> **Task goal**: Would you set down the complete data below, exactly as shown?

Stored entries
☆ ☆ ☆ ☆ ☆ ☆ ☆
text \<open>Integrating the pointwise bounds, from \<open>a\<close> on the left half and from \<open>b\<close> on the right half,
  gives the constant \<open>1/8\<close> instead of the \<open>1/2\<close> of a one-sided estimate.\<close>
lemma poincare_inequality:
  assumes w: "is_wderiv a b u g" and ub: "u b = 0" and ab: "a \<le> b"
  shows "L2ip a b u u \<le> (b - a)\<^sup>2 / 8 * L2ip a b g g"
proof -
  have g: "L2fun a b g" using w by (simp add: is_wderiv_def)
  have cu: "continuous_on {a..b} u" by (rule is_wderiv_continuous_on[OF w])
  define m where "m = (a + b) / 2"
  have am: "a \<le> m" "m \<le> b" using ab by (auto simp: m_def)
  define Gl where "Gl = integral {a..m} (\<lambda>x. (g x)\<^sup>2)"
  define Gr where "Gr = integral {m..b} (\<lambda>x. (g x)\<^sup>2)"
  have left: "(u x)\<^sup>2 \<le> (x - a) * Gl" if "a \<le> x" "x \<le> m" for x
    using is_wderiv_sq_le_left[OF w that am(2)] by (simp add: Gl_def)
  have right: "(u x)\<^sup>2 \<le> (b - x) * Gr" if "m \<le> x" "x \<le> b" for x
    using is_wderiv_sq_le_right[OF w ub am(1) that] by (simp add: Gr_def)
  have iu: "(\<lambda>x. (u x)\<^sup>2) integrable_on {c..d}" if "a \<le> c" "d \<le> b" for c d
    by (rule integrable_continuous_interval)
      (intro continuous_intros continuous_on_subset[OF cu], use that in auto)
  have "integral {a..m} (\<lambda>x. (u x)\<^sup>2) \<le> integral {a..m} (\<lambda>x. (x - a) * Gl)"
    by (rule integral_le) (use iu am left in \<open>auto intro!: integrable_continuous_interval continuous_intros\<close>)
  also have "\<dots> = Gl * (m - a)\<^sup>2 / 2" by (rule integral_mult_dist_left[OF am(1)])
  also have "\<dots> = Gl * (b - a)\<^sup>2 / 8" by (simp add: m_def power2_eq_square field_simps)
  finally have L: "integral {a..m} (\<lambda>x. (u x)\<^sup>2) \<le> Gl * (b - a)\<^sup>2 / 8" .
  have "integral {m..b} (\<lambda>x. (u x)\<^sup>2) \<le> integral {m..b} (\<lambda>x. (b - x) * Gr)"
    by (rule integral_le) (use iu am right in \<open>auto intro!: integrable_continuous_interval continuous_intros\<close>)
  also have "\<dots> = Gr * (b - m)\<^sup>2 / 2" by (rule integral_mult_dist_right[OF am(2)])
  also have "\<dots> = Gr * (b - a)\<^sup>2 / 8" by (simp add: m_def power2_eq_square field_simps)
  finally have R: "integral {m..b} (\<lambda>x. (u x)\<^sup>2) \<le> Gr * (b - a)\<^sup>2 / 8" .
  have L2ip_eq: "L2ip a b h h = integral {a..b} (\<lambda>x. (h x)\<^sup>2)" if "L2fun a b h" for h
    using L2fun_integral(4)[OF that] by (simp add: L2ip_def power2_eq_square)
  have "L2ip a b u u = integral {a..m} (\<lambda>x. (u x)\<^sup>2) + integral {m..b} (\<lambda>x. (u x)\<^sup>2)"
    unfolding L2ip_eq[OF continuous_on_imp_L2fun[OF cu]]
    by (rule Henstock_Kurzweil_Integration.integral_combine[symmetric]) (use am iu in auto)
  also have "\<dots> \<le> (Gl + Gr) * (b - a)\<^sup>2 / 8"
    using L R by (simp add: distrib_right add_divide_distrib)
  also have "Gl + Gr = L2ip a b g g"
    unfolding L2ip_eq[OF g] Gl_def Gr_def
    by (rule Henstock_Kurzweil_Integration.integral_combine) (use am L2fun_integral(3)[OF g] in auto)
  finally show ?thesis by (simp add: mult.commute)
qed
☆ ☆ ☆ ☆ ☆ ☆ ☆
> **Response to this exercise**:
text \<open>Integrating the pointwise bounds, from \<open>a\<close> on the left half and from \<open>b\<close> on the right half,
  gives the constant \<open>1/8\<close> instead of the \<open>1/2\<close> of a one-sided estimate.\<close>
lemma poincare_inequality:
  assumes w: "is_wderiv a b u g" and ub: "u b = 0" and ab: "a \<le> b"
  shows "L2ip a b u u \<le> (b - a)\<^sup>2 / 8 * L2ip a b g g"
proof -
  have g: "L2fun a b g" using w by (simp add: is_wderiv_def)
  have cu: "continuous_on {a..b} u" by (rule is_wderiv_continuous_on[OF w])
  define m where "m = (a + b) / 2"
  have am: "a \<le> m" "m \<le> b" using ab by (auto simp: m_def)
  define Gl where "Gl = integral {a..m} (\<lambda>x. (g x)\<^sup>2)"
  define Gr where "Gr = integral {m..b} (\<lambda>x. (g x)\<^sup>2)"
  have left: "(u x)\<^sup>2 \<le> (x - a) * Gl" if "a \<le> x" "x \<le> m" for x
    using is_wderiv_sq_le_left[OF w that am(2)] by (simp add: Gl_def)
  have right: "(u x)\<^sup>2 \<le> (b - x) * Gr" if "m \<le> x" "x \<le> b" for x
    using is_wderiv_sq_le_right[OF w ub am(1) that] by (simp add: Gr_def)
  have iu: "(\<lambda>x. (u x)\<^sup>2) integrable_on {c..d}" if "a \<le> c" "d \<le> b" for c d
    by (rule integrable_continuous_interval)
      (intro continuous_intros continuous_on_subset[OF cu], use that in auto)
  have "integral {a..m} (\<lambda>x. (u x)\<^sup>2) \<le> integral {a..m} (\<lambda>x. (x - a) * Gl)"
    by (rule integral_le) (use iu am left in \<open>auto intro!: integrable_continuous_interval continuous_intros\<close>)
  also have "\<dots> = Gl * (m - a)\<^sup>2 / 2" by (rule integral_mult_dist_left[OF am(1)])
  also have "\<dots> = Gl * (b - a)\<^sup>2 / 8" by (simp add: m_def power2_eq_square field_simps)
  finally have L: "integral {a..m} (\<lambda>x. (u x)\<^sup>2) \<le> Gl * (b - a)\<^sup>2 / 8" .
  have "integral {m..b} (\<lambda>x. (u x)\<^sup>2) \<le> integral {m..b} (\<lambda>x. (b - x) * Gr)"
    by (rule integral_le) (use iu am right in \<open>auto intro!: integrable_continuous_interval continuous_intros\<close>)
  also have "\<dots> = Gr * (b - m)\<^sup>2 / 2" by (rule integral_mult_dist_right[OF am(2)])
  also have "\<dots> = Gr * (b - a)\<^sup>2 / 8" by (simp add: m_def power2_eq_square field_simps)
  finally have R: "integral {m..b} (\<lambda>x. (u x)\<^sup>2) \<le> Gr * (b - a)\<^sup>2 / 8" .
  have L2ip_eq: "L2ip a b h h = integral {a..b} (\<lambda>x. (h x)\<^sup>2)" if "L2fun a b h" for h
    using L2fun_integral(4)[OF that] by (simp add: L2ip_def power2_eq_square)
  have "L2ip a b u u = integral {a..m} (\<lambda>x. (u x)\<^sup>2) + integral {m..b} (\<lambda>x. (u x)\<^sup>2)"
    unfolding L2ip_eq[OF continuous_on_imp_L2fun[OF cu]]
    by (rule Henstock_Kurzweil_Integration.integral_combine[symmetric]) (use am iu in auto)
  also have "\<dots> \<le> (Gl + Gr) * (b - a)\<^sup>2 / 8"
    using L R by (simp add: distrib_right add_divide_distrib)
  also have "Gl + Gr = L2ip a b g g"
    unfolding L2ip_eq[OF g] Gl_def Gr_def
    by (rule Henstock_Kurzweil_Integration.integral_combine) (use am L2fun_integral(3)[OF g] in auto)
  finally show ?thesis by (simp add: mult.commute)
qed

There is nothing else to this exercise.